There’s a jerk inside all of us: we roll our eyes when someone in line has a complicated order, curse at little old ladies who don’t drive fast enough, and sneer at people who are just too happy. Over time, that snark kills our productivity and poisons our relationships. Here’s how to keep your inner jerk in check.

Title quote courtesy of Anna Holmes.

There’s a difference between being occasionally sarcastic and a little derisive in your head, but when negativity becomes your default reaction, you have a problem. You may have had a wake-up moment, much like Anna Holmes, founding editor of Jezebel, had when she realised she was sneering at someone for no reason other than that the person was happy. Here’s what she said:

How about a quick check.
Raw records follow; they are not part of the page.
(* For $n\ge3$ and $1\le k_1<k_2\le n-1$, $$\begin{aligned}E\Big[E[1_{k_2}^{(n)}\mid\mathcal{Y}_n]\,E[1_{k_1}^{(n)}\mid\mathcal{Y}_n]\Big]={}&\frac{4(n+1)^2}{(n-1)^2(k_1+1)(k_1+2)(k_2+1)(k_2+2)}\\&-\frac{8(n+1)\,(3n-(k_2-2))\,(n-(k_2+1))}{n(n-1)^2(k_1+1)(k_1+2)(k_2+1)(k_2+2)(k_2+3)(k_2+4)}.\end{aligned}$$
   Context: Fix $n\ge 3$. A Yule tree with speciation rate 1 on $n$ tips: start with a single lineage; each lineage independently splits into two at rate 1; the process is stopped just before the $n$-th speciation event, so the tree has $n$ tips and $n-1$ speciation (internal) nodes, numbered $1,\dots,n-1$ chronologically from the root; at each speciation the splitting lineage is uniformly chosen among current lineages. $\mathcal{Y}_n$ is the σ-field generated by the tree (topology and branch lengths). For $1\le k\le n-1$, $1_k^{(n)}$ is the indicator that an unordered pair of distinct tips, chosen uniformly at random (independently of everything else given the tree), has its most recent common ancestor at the $k$-th speciation event; thus $E[1_k^{(n)}\mid\mathcal{Y}_n]$ is the fraction of the $\binom n2$ pairs of tips that coalesce at the $k$-th speciation event. *)

theory Defs
  imports "HOL-Probability.Probability"
begin

text \<open>Ranked topology of a Yule tree, encoded by the sequence of splitting choices.
  Before the j-th speciation event (j = 1..n-1) there are j lineages, indexed 0..j-1.
  The j-th entry cs!(j-1) is the index of the splitting lineage, chosen uniformly in {0..<j}.
  Convention: the splitting lineage i is replaced by its two daughters, which get
  indices i and j (the new one is appended).  Tips of the final tree are 0..n-1.\<close>

fun yule_choices :: "nat \<Rightarrow> nat list pmf" where
  "yule_choices 0 = return_pmf []"
| "yule_choices (Suc m) =
     bind_pmf (yule_choices m) (\<lambda>cs. map_pmf (\<lambda>c. cs @ [c]) (pmf_of_set {0..<Suc m}))"

text \<open>Index at time j (j lineages) of the ancestor of lineage i at time j+1.\<close>
definition parent_lin :: "nat list \<Rightarrow> nat \<Rightarrow> nat \<Rightarrow> nat" where
  "parent_lin cs j i = (if i = j then cs ! (j - 1) else i)"

text \<open>Index at time m (m lineages) of the ancestral lineage of tip t of the n-tip tree.\<close>
definition anc_lin :: "nat \<Rightarrow> nat list \<Rightarrow> nat \<Rightarrow> nat \<Rightarrow> nat" where
  "anc_lin n cs m t = foldr (parent_lin cs) [m..<n] t"

definition coal_at :: "nat \<Rightarrow> nat list \<Rightarrow> nat \<Rightarrow> nat \<Rightarrow> nat \<Rightarrow> bool" where
  "coal_at n cs k a b \<longleftrightarrow>
     anc_lin n cs (Suc k) a \<noteq> anc_lin n cs (Suc k) b \<and> anc_lin n cs k a = anc_lin n cs k b"

text \<open>E[1_k^(n) | Y_n]: fraction of the (n choose 2) unordered pairs of tips coalescing
  at the k-th speciation event.\<close>
definition coal_frac :: "nat \<Rightarrow> nat list \<Rightarrow> nat \<Rightarrow> real" where
  "coal_frac n cs k =
     real (card {(a, b). a < b \<and> b < n \<and> coal_at n cs k a b}) / real (n choose 2)"

end

theory Submission
  imports Defs
begin

text \<open>
  Let L_k and R_k be the numbers of tips below the two daughter lineages created at the k-th
  speciation. A pair of tips coalesces there iff it has one tip in each daughter clade, so
  E[1_k | Y_n] = L_k R_k / (n choose 2). While the tree grows, clade sizes evolve as a Polya urn:
  the new tip falls into a clade with probability proportional to its size. A product of sizes
  of disjoint clades of total degree r is then an eigenfunction of the growth step, with
  eigenvalue (m + r) / m at m tips, so its expectation grows like the rising factorial of n.
  For k1 < k2 the clades of event k2 are disjoint from those of event k1, unless the lineage
  splitting at event k2 descends from one of the daughters of event k1; in that case the
  degree-4 product L2 R2 L1 R1 must be corrected by twice a degree-3 cross term to become an
  eigenfunction. Both expectations are computed at n = k2 + 1 from E[L1 R1], which is of degree 2.
\<close>

definition valid_choices :: "nat list \<Rightarrow> bool" where
  "valid_choices cs \<longleftrightarrow> (\<forall>j<length cs. cs ! j \<le> j)"

lemma set_pmf_yule_choices:
  "cs \<in> set_pmf (yule_choices m) \<Longrightarrow> length cs = m \<and> valid_choices cs"
proof (induction m arbitrary: cs)
  case 0
  then show ?case by (simp add: valid_choices_def)
next
  case (Suc m)
  then obtain ds c where "ds \<in> set_pmf (yule_choices m)" "c \<le> m" "cs = ds @ [c]"
    by (auto simp: set_pmf_of_set)
  with Suc.IH show ?case by (auto simp: valid_choices_def nth_append less_Suc_eq)
qed

lemma finite_set_pmf_yule_choices: "finite (set_pmf (yule_choices m))"
  by (induction m) (auto simp: set_pmf_of_set)

lemma integrable_yule_choices: "integrable (measure_pmf (yule_choices m)) (f :: nat list \<Rightarrow> real)"
  by (rule integrable_measure_pmf_finite[OF finite_set_pmf_yule_choices])

lemma expectation_yule_choices_Suc:
  "measure_pmf.expectation (yule_choices (Suc m)) (f :: nat list \<Rightarrow> real) =
   measure_pmf.expectation (yule_choices m) (\<lambda>cs. (\<Sum>c<Suc m. f (cs @ [c])) / real (Suc m))"
proof -
  have "measure_pmf.expectation (yule_choices (Suc m)) f =
     (\<Sum>cs\<in>set_pmf (yule_choices m). pmf (yule_choices m) cs *\<^sub>R
        measure_pmf.expectation (map_pmf (\<lambda>c. cs @ [c]) (pmf_of_set {0..<Suc m})) f)"
    unfolding yule_choices.simps
    by (rule pmf_expectation_bind) (auto simp: finite_set_pmf_yule_choices set_pmf_of_set)
  also have "\<dots> = (\<Sum>cs\<in>set_pmf (yule_choices m). pmf (yule_choices m) cs *\<^sub>R
        ((\<Sum>c<Suc m. f (cs @ [c])) / real (Suc m)))"
    by (intro sum.cong refl, simp only: integral_map_pmf, subst integral_pmf_of_set)
       (auto simp: atLeast0LessThan)
  also have "\<dots> = measure_pmf.expectation (yule_choices m) (\<lambda>cs. (\<Sum>c<Suc m. f (cs @ [c])) / real (Suc m))"
    by (rule integral_measure_pmf[symmetric]) (auto simp: finite_set_pmf_yule_choices)
  finally show ?thesis .
qed

lemma expectation_yule_choices_cong:
  assumes "\<And>cs. length cs = m \<Longrightarrow> valid_choices cs \<Longrightarrow> f cs = g cs"
  shows "measure_pmf.expectation (yule_choices m) f = measure_pmf.expectation (yule_choices m) (g :: nat list \<Rightarrow> real)"
  by (rule integral_cong_AE) (auto intro!: AE_pmfI dest!: set_pmf_yule_choices simp: assms)

lemma expectation_yule_choices_step:
  assumes "0 < m"
    and "\<And>cs. length cs = m - 1 \<Longrightarrow> valid_choices cs \<Longrightarrow> (\<Sum>c<m. f (cs @ [c])) = a * g cs"
  shows "measure_pmf.expectation (yule_choices m) f
         = a / real m * measure_pmf.expectation (yule_choices (m - 1)) (g :: nat list \<Rightarrow> real)"
proof -
  obtain m' where m: "m = Suc m'" using assms(1) gr0_conv_Suc by blast
  have "measure_pmf.expectation (yule_choices m) f =
        measure_pmf.expectation (yule_choices m') (\<lambda>cs. a / real m * g cs)"
    unfolding m expectation_yule_choices_Suc
    by (rule expectation_yule_choices_cong) (use assms(2) m in simp)
  then show ?thesis by (simp add: m)
qed

lemma pochhammer_Suc_arg:
  fixes m :: real
  assumes "m \<noteq> 0"
  shows "(m + real r) / m * pochhammer m r = pochhammer (m + 1) r"
proof -
  have "m * pochhammer (m + 1) r = (m + real r) * pochhammer m r"
    by (metis pochhammer_rec pochhammer_rec')
  with assms show ?thesis by (simp add: field_simps)
qed

lemma expectation_yule_choices_rising:
  assumes "0 < m0" "m0 \<le> n"
    and step: "\<And>m cs. m0 \<le> m \<Longrightarrow> length cs = m - 1 \<Longrightarrow> valid_choices cs \<Longrightarrow>
         (\<Sum>c<m. f (Suc m) (cs @ [c])) = (real m + real r) * f m cs"
  shows "measure_pmf.expectation (yule_choices (n - 1)) (f n) =
         measure_pmf.expectation (yule_choices (m0 - 1)) (f m0)
         * pochhammer (real n) r / pochhammer (real m0) r"
  using assms(2)
proof (induction n rule: dec_induct)
  case base
  have "pochhammer (real m0) r \<noteq> 0"
    using assms(1) by (simp add: pochhammer_eq_0_iff)
  then show ?case by simp
next
  case (step m)
  then have "0 < m" using assms(1) by simp
  have "measure_pmf.expectation (yule_choices (Suc m - 1)) (f (Suc m)) =
        (real m + real r) / real m * measure_pmf.expectation (yule_choices (m - 1)) (f m)"
    using expectation_yule_choices_step[OF \<open>0 < m\<close> assms(3)[OF step.hyps(1)]] by simp
  also have "\<dots> = measure_pmf.expectation (yule_choices (m0 - 1)) (f m0)
         * ((real m + real r) / real m * pochhammer (real m) r) / pochhammer (real m0) r"
    unfolding step.IH by simp
  also have "\<dots> = measure_pmf.expectation (yule_choices (m0 - 1)) (f m0)
         * pochhammer (real (Suc m)) r / pochhammer (real m0) r"
    using pochhammer_Suc_arg[of "real m" r] \<open>0 < m\<close> by (simp add: add.commute)
  finally show ?case .
qed

lemma valid_choices_nth_less:
  "valid_choices cs \<Longrightarrow> 1 \<le> k \<Longrightarrow> k \<le> length cs \<Longrightarrow> cs ! (k - 1) < k"
  unfolding valid_choices_def
  by (metis One_nat_def Suc_le_eq Suc_pred diff_less le_imp_less_Suc less_one not_less)

lemma anc_lin_self [simp]: "anc_lin m cs m t = t"
  by (simp add: anc_lin_def)

lemma anc_lin_Suc: "m \<le> n \<Longrightarrow> anc_lin (Suc n) cs m t = anc_lin n cs m (parent_lin cs n t)"
  by (simp add: anc_lin_def)

lemma anc_lin_step_down: "k < n \<Longrightarrow> anc_lin n cs k t = parent_lin cs k (anc_lin n cs (Suc k) t)"
  by (simp add: anc_lin_def upt_conv_Cons)

lemma anc_lin_trans:
  assumes "m1 \<le> m2" "m2 \<le> n"
  shows "anc_lin n cs m1 t = anc_lin m2 cs m1 (anc_lin n cs m2 t)"
proof -
  have "[m1..<n] = [m1..<m2] @ [m2..<n]"
    using upt_add_eq_append[OF assms(1), of "n - m2"] assms by simp
  then show ?thesis by (simp add: anc_lin_def)
qed

lemma anc_lin_append:
  assumes "1 \<le> m" "n \<le> length cs + 1"
  shows "anc_lin n (cs @ ds) m t = anc_lin n cs m t"
  unfolding anc_lin_def
proof (rule foldr_cong)
  fix j i assume "j \<in> set [m..<n]"
  then have "1 \<le> j" "j - 1 < length cs" using assms by auto
  then show "parent_lin (cs @ ds) j i = parent_lin cs j i"
    by (simp add: parent_lin_def nth_append)
qed auto

lemma anc_lin_snoc:
  assumes "length cs + 1 = n" "1 \<le> m" "m \<le> n"
  shows "anc_lin (Suc n) (cs @ [c]) m t = anc_lin n cs m (if t = n then c else t)"
proof -
  have "parent_lin (cs @ [c]) n t = (if t = n then c else t)"
    using assms(1) by (auto simp: parent_lin_def)
  then show ?thesis using assms by (simp add: anc_lin_Suc anc_lin_append)
qed

lemma anc_lin_daughters:
  assumes "m \<le> k" "k < n" "cs ! (k - 1) \<noteq> k"
    and "anc_lin n cs (Suc k) t = cs ! (k - 1) \<or> anc_lin n cs (Suc k) t = k"
  shows "anc_lin n cs m t = anc_lin k cs m (cs ! (k - 1))"
proof -
  have "anc_lin n cs k t = cs ! (k - 1)"
    using assms(2-4) by (auto simp: anc_lin_step_down parent_lin_def)
  then show ?thesis using assms(1,2) anc_lin_trans[of m k n cs t] by simp
qed

definition clade_size :: "nat \<Rightarrow> nat list \<Rightarrow> nat \<Rightarrow> nat \<Rightarrow> nat" where
  "clade_size n cs m i = card {t. t < n \<and> anc_lin n cs m t = i}"

lemma clade_size_self: "i < m \<Longrightarrow> clade_size m cs m i = 1"
proof -
  assume "i < m"
  then have "{t. t < m \<and> anc_lin m cs m t = i} = {i}" by auto
  then show ?thesis by (simp add: clade_size_def)
qed

lemma clade_size_snoc:
  assumes "length cs + 1 = n" "1 \<le> m" "m \<le> n" "c < n"
  shows "clade_size (Suc n) (cs @ [c]) m i = clade_size n cs m i + of_bool (anc_lin n cs m c = i)"
proof -
  have "{t. t < Suc n \<and> anc_lin (Suc n) (cs @ [c]) m t = i} =
        {t. t < n \<and> anc_lin n cs m t = i} \<union> (if anc_lin n cs m c = i then {n} else {})"
    using assms by (auto simp: anc_lin_snoc less_Suc_eq)
  then show ?thesis by (simp add: clade_size_def)
qed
Do you:

  • Roll your eyes at every “hipster” who, by most accounts, is just a person trying (successfully or not) to dress fashionably?
  • Primarily complain about how horrible people/things are on Facebook/Twitter?
  • Get angrier every passing moment that you stand in line at the supermarket or have to wait for your check to arrive at a restaurant?
  • Find you’re constantly frustrated with coworkers who don’t “get it”?
  • Comment angrily on blogs, videos and other websites (usually beginning with “ummm” and ending with “just saying”?
  • Feel like it’s OK to be a complete jerk, as long as you’re “witty” about it?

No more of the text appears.